Purpose: One barrier to the clinical deployment of deep learning-based image segmentation models is the existence of “anomalous” cases where the segmentation model may fail, despite external validation. We developed methods that enable the detection of images on which the segmentation models are likely to fail, thereby aiding in clinical deployment of these models.
Methods: We designed an anomaly detector that approximates the performance of a liver segmentation model on CT images by determining whether the images hav a high likelihood of falling within the model’s training distribution. We consider an image to be within the training distribution if our anomaly detection model can reconstruct the image. We use backpropagation to map input images to a latent space and a GAN to reconstruct the images. We used a StyleGAN2 network, due to its cutting-edge performance on high-resolution images. We will score reconstructed images using a residual loss. If this score is over a specified threshold, the image will be classified as anomalous. We trained the detection model on 96 CT scans and have 50 unseen CT scans available for anomaly detection. We use standard image similarity metrics for evaluation.

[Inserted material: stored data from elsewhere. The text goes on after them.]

(* Let $A$ be a ring and $b,s,t\in A$. (a) If $t\in\bigcap_{i\ge0}(bA+s^iA)$, then $W(b,s,t)=\bigcap_{i\ge0}(bA+s^iA)$. (b) If $bA+sA+tA=A$, or if $b,s,t$ is an $A$-regular sequence, then $W(b,s,t)=\bigcap_{i\ge0}(bA+sA)^i$.
   Context: For elements $b,s,t$ of a ring $A$, define ideals $W_i,J_i$ ($i\ge0$) by $W_0=A$, $J_0=(W_0:t)=A$, and for $i\ge1$: $W_i=bJ_{i-1}+s^iA$ and $J_i=(W_i:t)$, where $(W:t)=\{x\in A: tx\in W\}$. Set $W(b,s,t)=\bigcap_{i\ge0}W_i$. *)

theory Defs
  imports Main
begin

definition colon :: "'a::comm_ring_1 set \<Rightarrow> 'a \<Rightarrow> 'a set" where
  "colon W t = {x. t * x \<in> W}"

fun Wseq :: "'a::comm_ring_1 \<Rightarrow> 'a \<Rightarrow> 'a \<Rightarrow> nat \<Rightarrow> 'a set" where
  "Wseq b s t 0 = UNIV"
| "Wseq b s t (Suc i) =
     {b * x + s ^ (Suc i) * y | x y. x \<in> colon (Wseq b s t i) t}"

definition Wbst :: "'a::comm_ring_1 \<Rightarrow> 'a \<Rightarrow> 'a \<Rightarrow> 'a set" where
  "Wbst b s t = (\<Inter>i. Wseq b s t i)"

inductive_set ideal_gen :: "'a::comm_ring_1 set \<Rightarrow> 'a set" for S where
  zero: "0 \<in> ideal_gen S"
| add: "x \<in> ideal_gen S \<Longrightarrow> y \<in> ideal_gen S \<Longrightarrow> x + y \<in> ideal_gen S"
| mult: "x \<in> S \<Longrightarrow> r * x \<in> ideal_gen S"

definition ideal_prod :: "'a::comm_ring_1 set \<Rightarrow> 'a set \<Rightarrow> 'a set" where
  "ideal_prod I J = ideal_gen {x * y | x y. x \<in> I \<and> y \<in> J}"

fun ideal_pow :: "'a::comm_ring_1 set \<Rightarrow> nat \<Rightarrow> 'a set" where
  "ideal_pow I 0 = UNIV"
| "ideal_pow I (Suc n) = ideal_prod (ideal_pow I n) I"

definition ideal2 :: "'a::comm_ring_1 \<Rightarrow> 'a \<Rightarrow> 'a set" where
  "ideal2 b c = {b * x + c * y | x y. True}"

definition ideal3 :: "'a::comm_ring_1 \<Rightarrow> 'a \<Rightarrow> 'a \<Rightarrow> 'a set" where
  "ideal3 b c d = {b * x + c * y + d * z | x y z. True}"

text \<open>b,s,t is an A-regular sequence (standard definition):
  b is a nonzerodivisor on A, s on A/bA, t on A/(bA+sA), and A/(bA+sA+tA) \<noteq> 0.\<close>
definition regular_seq3 :: "'a::comm_ring_1 \<Rightarrow> 'a \<Rightarrow> 'a \<Rightarrow> bool" where
  "regular_seq3 b s t \<longleftrightarrow>
     (\<forall>x. b * x = 0 \<longrightarrow> x = 0) \<and>
     (\<forall>x. s * x \<in> {b * y | y. True} \<longrightarrow> x \<in> {b * y | y. True}) \<and>
     (\<forall>x. t * x \<in> ideal2 b s \<longrightarrow> x \<in> ideal2 b s) \<and>
     ideal3 b s t \<noteq> UNIV"

end

theory Submission
  imports Defs
begin

text \<open>The power G n = (bA + sA)^n, here ideal2_pow b s n, satisfies G 0 = A and
  G (n+1) = b G n + s^(n+1) A. This is the recursion defining W n with the colon ideal
  (W n : t) replaced by W n itself, so W n = G n as soon as (G n : t) = G n for all n.
  If bA + sA + tA = A, write 1 = a + t z with a \<in> G 1; then x = a x + z (t x) shows
  (G (n+1) : t) \<subseteq> G (n+1) by induction. For a regular sequence, regularity of b and s
  lets one read off from b y + s^(m+1) z \<in> G (m+2) that y \<in> G (m+1) and z \<in> G 1, so
  regularity of t modulo G 1 propagates to all G n. In part (a), t lies in every
  bA + s^i A, so every colon ideal is A and W i = bA + s^i A.\<close>

fun ideal2_pow :: "'a::comm_ring_1 \<Rightarrow> 'a \<Rightarrow> nat \<Rightarrow> 'a set" where
  "ideal2_pow b s 0 = UNIV"
| "ideal2_pow b s (Suc n) = {b * y + s ^ Suc n * z | y z. y \<in> ideal2_pow b s n}"

lemma ideal2_powI:
  "y \<in> ideal2_pow b s n \<Longrightarrow> x = b * y + s ^ Suc n * z \<Longrightarrow> x \<in> ideal2_pow b s (Suc n)"
  by auto

lemma ideal2_powE:
  assumes "x \<in> ideal2_pow b s (Suc n)"
  obtains y z where "x = b * y + s ^ Suc n * z" and "y \<in> ideal2_pow b s n"
  using assms by auto

declare ideal2_pow.simps(2) [simp del]

lemma zero_mem_ideal2_pow: "0 \<in> ideal2_pow b s n"
  by (induction n) (auto intro: ideal2_powI[where z = 0])

lemma add_mem_ideal2_pow:
  "x \<in> ideal2_pow b s n \<Longrightarrow> y \<in> ideal2_pow b s n \<Longrightarrow> x + y \<in> ideal2_pow b s n"
proof (induction n arbitrary: x y)
  case (Suc n)
  obtain y1 z1 where x: "x = b * y1 + s ^ Suc n * z1" "y1 \<in> ideal2_pow b s n"
    using Suc.prems(1) by (rule ideal2_powE)
  obtain y2 z2 where y: "y = b * y2 + s ^ Suc n * z2" "y2 \<in> ideal2_pow b s n"
    using Suc.prems(2) by (rule ideal2_powE)
  have "x + y = b * (y1 + y2) + s ^ Suc n * (z1 + z2)"
    using x y by (simp add: algebra_simps)
  then show ?case using Suc.IH x y by (blast intro: ideal2_powI)
qed simp

lemma mult_mem_ideal2_pow: "x \<in> ideal2_pow b s n \<Longrightarrow> r * x \<in> ideal2_pow b s n"
proof (induction n arbitrary: x)
  case (Suc n)
  obtain y z where x: "x = b * y + s ^ Suc n * z" "y \<in> ideal2_pow b s n"
    using Suc.prems by (rule ideal2_powE)
  have "r * x = b * (r * y) + s ^ Suc n * (r * z)"
    using x by (simp add: algebra_simps)
  then show ?case using Suc.IH x by (blast intro: ideal2_powI)
qed simp

lemma ideal2_pow_Suc_subset: "ideal2_pow b s (Suc n) \<subseteq> ideal2_pow b s n"
proof (induction n)
  case (Suc n)
  show ?case
  proof
    fix x
    assume "x \<in> ideal2_pow b s (Suc (Suc n))"
    then obtain y z where x: "x = b * y + s ^ Suc (Suc n) * z" "y \<in> ideal2_pow b s (Suc n)"
      by (rule ideal2_powE)
    then have "x = b * y + s ^ Suc n * (s * z)" by (simp add: algebra_simps)
    then show "x \<in> ideal2_pow b s (Suc n)" using Suc.IH x by (blast intro: ideal2_powI)
  qed
qed simp

lemma ideal2_pow_one: "ideal2_pow b s (Suc 0) = ideal2 b s"
  by (auto simp: ideal2_def ideal2_pow.simps)

lemma b_mult_mem_ideal2_pow:
  "x \<in> ideal2_pow b s n \<Longrightarrow> b * x \<in> ideal2_pow b s (Suc n)"
  by (rule ideal2_powI[where z = 0]) simp_all

lemma s_mult_mem_ideal2_pow:
  "x \<in> ideal2_pow b s n \<Longrightarrow> s * x \<in> ideal2_pow b s (Suc n)"
proof (induction n arbitrary: x)
  case 0
  show ?case by (rule ideal2_powI[where y = 0 and z = x]) simp_all
next
  case (Suc n)
  obtain y z where x: "x = b * y + s ^ Suc n * z" "y \<in> ideal2_pow b s n"
    using Suc.prems by (rule ideal2_powE)
  have "s * x = b * (s * y) + s ^ Suc (Suc n) * z"
    using x by (simp add: algebra_simps)
  then show ?case using Suc.IH x by (blast intro: ideal2_powI)
qed

lemma s_power_mult_mem_ideal2_pow:
  "x \<in> ideal2_pow b s n \<Longrightarrow> s ^ k * x \<in> ideal2_pow b s (n + k)"
  by (induction k) (simp_all add: mult.assoc s_mult_mem_ideal2_pow)

lemma s_power_mem_ideal2_pow: "s ^ n * x \<in> ideal2_pow b s n"
  using s_power_mult_mem_ideal2_pow[of x b s 0 n] by simp

lemma ideal2_mult_mem_ideal2_pow:
  assumes a: "a \<in> ideal2 b s" and x: "x \<in> ideal2_pow b s n"
  shows "a * x \<in> ideal2_pow b s (Suc n)"
proof -
  obtain u v where "a = b * u + s * v" using a unfolding ideal2_def by blast
  then have "a * x = b * (u * x) + s * (v * x)" by (simp add: algebra_simps)
  then show ?thesis
    using x by (simp add: add_mem_ideal2_pow b_mult_mem_ideal2_pow s_mult_mem_ideal2_pow
        mult_mem_ideal2_pow)
qed

lemma ideal_gen_subset:
  assumes "0 \<in> T" and "\<And>x y. x \<in> T \<Longrightarrow> y \<in> T \<Longrightarrow> x + y \<in> T"
    and "\<And>x r. x \<in> S \<Longrightarrow> r * x \<in> T"
  shows "ideal_gen S \<subseteq> T"
proof
  fix x
  assume "x \<in> ideal_gen S"
  then show "x \<in> T" by induction (use assms in auto)
qed

lemma mem_ideal_gen: "x \<in> S \<Longrightarrow> x \<in> ideal_gen S"
  using ideal_gen.mult[of x S 1] by simp

lemma ideal_prod_ideal2_pow:
  "ideal_prod (ideal2_pow b s n) (ideal2 b s) = ideal2_pow b s (Suc n)"
proof
  show "ideal_prod (ideal2_pow b s n) (ideal2 b s) \<subseteq> ideal2_pow b s (Suc n)"
    unfolding ideal_prod_def
  proof (rule ideal_gen_subset)
    fix p r
    assume "p \<in> {x * y | x y. x \<in> ideal2_pow b s n \<and> y \<in> ideal2 b s}"
    then obtain x a where "p = x * a" "x \<in> ideal2_pow b s n" "a \<in> ideal2 b s" by blast
    then show "r * p \<in> ideal2_pow b s (Suc n)"
      by (simp add: mult.commute[of x] ideal2_mult_mem_ideal2_pow mult_mem_ideal2_pow)
  qed (simp_all add: zero_mem_ideal2_pow add_mem_ideal2_pow)
next
  let ?P = "ideal_prod (ideal2_pow b s n) (ideal2 b s)"
  show "ideal2_pow b s (Suc n) \<subseteq> ?P"
  proof
    fix x
    assume "x \<in> ideal2_pow b s (Suc n)"
    then obtain y z where x: "x = b * y + s ^ Suc n * z" "y \<in> ideal2_pow b s n"
      by (rule ideal2_powE)
    have "b \<in> ideal2 b s" "s \<in> ideal2 b s"
      unfolding ideal2_def by (force intro: exI[of _ 1] exI[of _ 0])+
    then have "y * b \<in> ?P" "(s ^ n * z) * s \<in> ?P"
      using x(2) s_power_mem_ideal2_pow unfolding ideal_prod_def by (blast intro: mem_ideal_gen)+
    moreover have "x = y * b + (s ^ n * z) * s"
      using x by (simp add: algebra_simps)
    ultimately show "x \<in> ?P" unfolding ideal_prod_def by (simp add: ideal_gen.add)
  qed
qed

lemma ideal_pow_ideal2: "ideal_pow (ideal2 b s) n = ideal2_pow b s n"
  by (induction n) (simp_all add: ideal_prod_ideal2_pow)

lemma Wseq_eq_ideal2_pow:
  assumes "\<And>n x. t * x \<in> ideal2_pow b s n \<Longrightarrow> x \<in> ideal2_pow b s n"
  shows "Wseq b s t n = ideal2_pow b s n"
proof (induction n)
  case (Suc n)
  have "colon (Wseq b s t n) t = ideal2_pow b s n"
    using Suc.IH assms mult_mem_ideal2_pow by (auto simp: colon_def)
  then show ?case by (simp add: ideal2_pow.simps)
qed simp

lemma ideal2_one_right: "ideal2 b 1 = UNIV"
proof -
  have "x = b * 0 + 1 * x" for x by simp
  then show ?thesis unfolding ideal2_def by blast
qed

lemma mult_mem_ideal2: "y \<in> ideal2 b c \<Longrightarrow> r * y \<in> ideal2 b c"
proof -
  assume "y \<in> ideal2 b c"
  then obtain u v where "y = b * u + c * v" unfolding ideal2_def by blast
  then have "r * y = b * (r * u) + c * (r * v)" by (simp add: algebra_simps)
  then show ?thesis unfolding ideal2_def by blast
qed

lemma Wseq_eq_ideal2_power:
  assumes "\<forall>i. t \<in> ideal2 b (s ^ i)"
  shows "Wseq b s t n = ideal2 b (s ^ n)"
proof (induction n)
  case (Suc n)
  have "colon (Wseq b s t n) t = UNIV"
    using Suc.IH assms by (auto simp: colon_def mult.commute[of t] intro: mult_mem_ideal2)
  then show ?case by (auto simp: ideal2_def)
qed (simp add: ideal2_one_right)

lemma ideal2_pow_cancel_comaximal:
  assumes "ideal3 b s t = UNIV"
  shows "t * x \<in> ideal2_pow b s n \<Longrightarrow> x \<in> ideal2_pow b s n"
proof (induction n arbitrary: x)
  case (Suc n)
  have "1 \<in> ideal3 b s t" using assms by simp
  then obtain u v z where one: "1 = b * u + s * v + t * z"
    unfolding ideal3_def by blast
  have x: "x = (b * u + s * v) * x + z * (t * x)"
    using arg_cong[OF one, of "\<lambda>c. c * x"] by (simp add: algebra_simps)
  have "b * u + s * v \<in> ideal2 b s" unfolding ideal2_def by blast
  moreover have "x \<in> ideal2_pow b s n"
    using Suc ideal2_pow_Suc_subset by blast
  ultimately show ?case
    by (subst x) (simp add: add_mem_ideal2_pow ideal2_mult_mem_ideal2_pow mult_mem_ideal2_pow Suc.prems)
qed simp

lemma cancel_power_of_cancel:
  fixes s :: "'a::comm_monoid_mult"
  assumes "\<And>x. s * x \<in> I \<Longrightarrow> x \<in> I"
  shows "s ^ k * x \<in> I \<Longrightarrow> x \<in> I"
proof (induction k arbitrary: x)
  case (Suc k)
  then have "s ^ k * (s * x) \<in> I" by (simp add: mult_ac)
  then show ?case using Suc.IH assms by blast
qed simp

text \<open>Compare with a representation b y' + s^(m+2) z', y' \<in> G (m+1): regularity of
  s^(m+1) modulo bA gives s z' - z = b w, and cancelling b gives y = y' + s^(m+1) w.\<close>
lemma ideal2_pow_Suc_Suc_components:
  assumes b_reg: "\<And>x. b * x = 0 \<Longrightarrow> x = 0"
    and s_reg: "\<And>x. s * x \<in> {b * y | y. True} \<Longrightarrow> x \<in> {b * y | y. True}"
    and mem: "b * y + s ^ Suc m * z \<in> ideal2_pow b s (Suc (Suc m))"
  shows "z \<in> ideal2 b s" and "y \<in> ideal2_pow b s (Suc m)"
proof -
  obtain y' z' where eq: "b * y + s ^ Suc m * z = b * y' + s ^ Suc (Suc m) * z'"
    and y': "y' \<in> ideal2_pow b s (Suc m)"
    using mem by (rule ideal2_powE)
  have diff: "s ^ Suc m * (s * z' - z) = b * (y - y')"
    using eq by (simp add: algebra_simps)
  then obtain w where w: "s * z' - z = b * w"
    using cancel_power_of_cancel[OF s_reg, where k = "Suc m"] by blast
  then have "z = b * (- w) + s * z'" by (simp add: algebra_simps)
  then show "z \<in> ideal2 b s" unfolding ideal2_def by blast
  have "b * (y - y' - s ^ Suc m * w) = 0"
    using diff w by (simp add: algebra_simps)
  then have "y - y' - s ^ Suc m * w = 0" by (rule b_reg)
  then have "y = y' + s ^ Suc m * w" by (simp add: algebra_simps)
  then show "y \<in> ideal2_pow b s (Suc m)"
    using add_mem_ideal2_pow[OF y' s_power_mem_ideal2_pow] by simp
qed

lemma ideal2_pow_cancel_regular:
  assumes b_reg: "\<And>x. b * x = 0 \<Longrightarrow> x = 0"
    and s_reg: "\<And>x. s * x \<in> {b * y | y. True} \<Longrightarrow> x \<in> {b * y | y. True}"
    and t_reg: "\<And>x. t * x \<in> ideal2 b s \<Longrightarrow> x \<in> ideal2 b s"
  shows "t * x \<in> ideal2_pow b s n \<Longrightarrow> x \<in> ideal2_pow b s n"
proof (induction n arbitrary: x)
  case (Suc n)
  show ?case
  proof (cases n)
    case 0
    then show ?thesis using Suc.prems t_reg by (simp add: ideal2_pow_one)
  next
    case (Suc m)
    have "x \<in> ideal2_pow b s (Suc m)"
      using Suc.IH Suc.prems ideal2_pow_Suc_subset \<open>n = Suc m\<close> by blast
    then obtain y z where x: "x = b * y + s ^ Suc m * z" "y \<in> ideal2_pow b s m"
      by (rule ideal2_powE)
    have "b * (t * y) + s ^ Suc m * (t * z) \<in> ideal2_pow b s (Suc (Suc m))"
      using Suc.prems x(1) \<open>n = Suc m\<close> by (simp add: algebra_simps)
    then have "t * z \<in> ideal2 b s" "t * y \<in> ideal2_pow b s (Suc m)"
      using ideal2_pow_Suc_Suc_components[OF b_reg s_reg] by blast+
    then have "z \<in> ideal2_pow b s (Suc 0)" "y \<in> ideal2_pow b s (Suc m)"
      using t_reg Suc.IH \<open>n = Suc m\<close> by (simp_all add: ideal2_pow_one)
    then have "b * y \<in> ideal2_pow b s (Suc n)" "s ^ Suc m * z \<in> ideal2_pow b s (Suc n)"
      using b_mult_mem_ideal2_pow s_power_mult_mem_ideal2_pow[of z b s "Suc 0" "Suc m"] \<open>n = Suc m\<close>
      by simp_all
    then show ?thesis unfolding x(1) by (rule add_mem_ideal2_pow)
  qed
qed simp

theorem lemma3p4:
  fixes b s t :: "'a::comm_ring_1"
  shows "(t \<in> (\<Inter>i. ideal2 b (s ^ i)) \<longrightarrow> Wbst b s t = (\<Inter>i. ideal2 b (s ^ i)))
       \<and> ((ideal3 b s t = UNIV \<or> regular_seq3 b s t)
            \<longrightarrow> Wbst b s t = (\<Inter>i. ideal_pow (ideal2 b s) i))"
proof (intro conjI impI)
  assume "t \<in> (\<Inter>i. ideal2 b (s ^ i))"
  then show "Wbst b s t = (\<Inter>i. ideal2 b (s ^ i))"
    unfolding Wbst_def by (simp add: Wseq_eq_ideal2_power)
next
  assume "ideal3 b s t = UNIV \<or> regular_seq3 b s t"
  then have "t * x \<in> ideal2_pow b s n \<Longrightarrow> x \<in> ideal2_pow b s n" for n x
    unfolding regular_seq3_def
    using ideal2_pow_cancel_comaximal ideal2_pow_cancel_regular by blast
  then show "Wbst b s t = (\<Inter>i. ideal_pow (ideal2 b s) i)"
    unfolding Wbst_def by (simp add: Wseq_eq_ideal2_pow ideal_pow_ideal2)
qed

end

Results: We successfully trained the StyleGAN2 network on slices extracted from non-contrast enhanced abdominal CT images. The network achieved a Fréchet-Inception score of 31.102. It also attained a Wasserstein distance of 1.388, a KL-divergence of 0.004, and a mutual information score of 0.241 between the pixel distributions of 120 real and 120 generated images. After successful reconstruction of images, a radiologist classified real and generated images as such with equivalent accuracy (60%).
Conclusion: We defined an anomaly detection paradigm that determines when a segmentation model is likely to fail on an image. This paradigm can aid the clinical deployment of segmentation models, diversify medical imaging datasets, and prioritize images for labeling.
Funding Support, Disclosures, and Conflict of Interest: Research reported was supported in part by the National Cancer Institute of the National Institutes of Health under awards 1R01CA221971 and R01CA235564 and the Tumor Measurement Initiative at MD Anderson Cancer Center.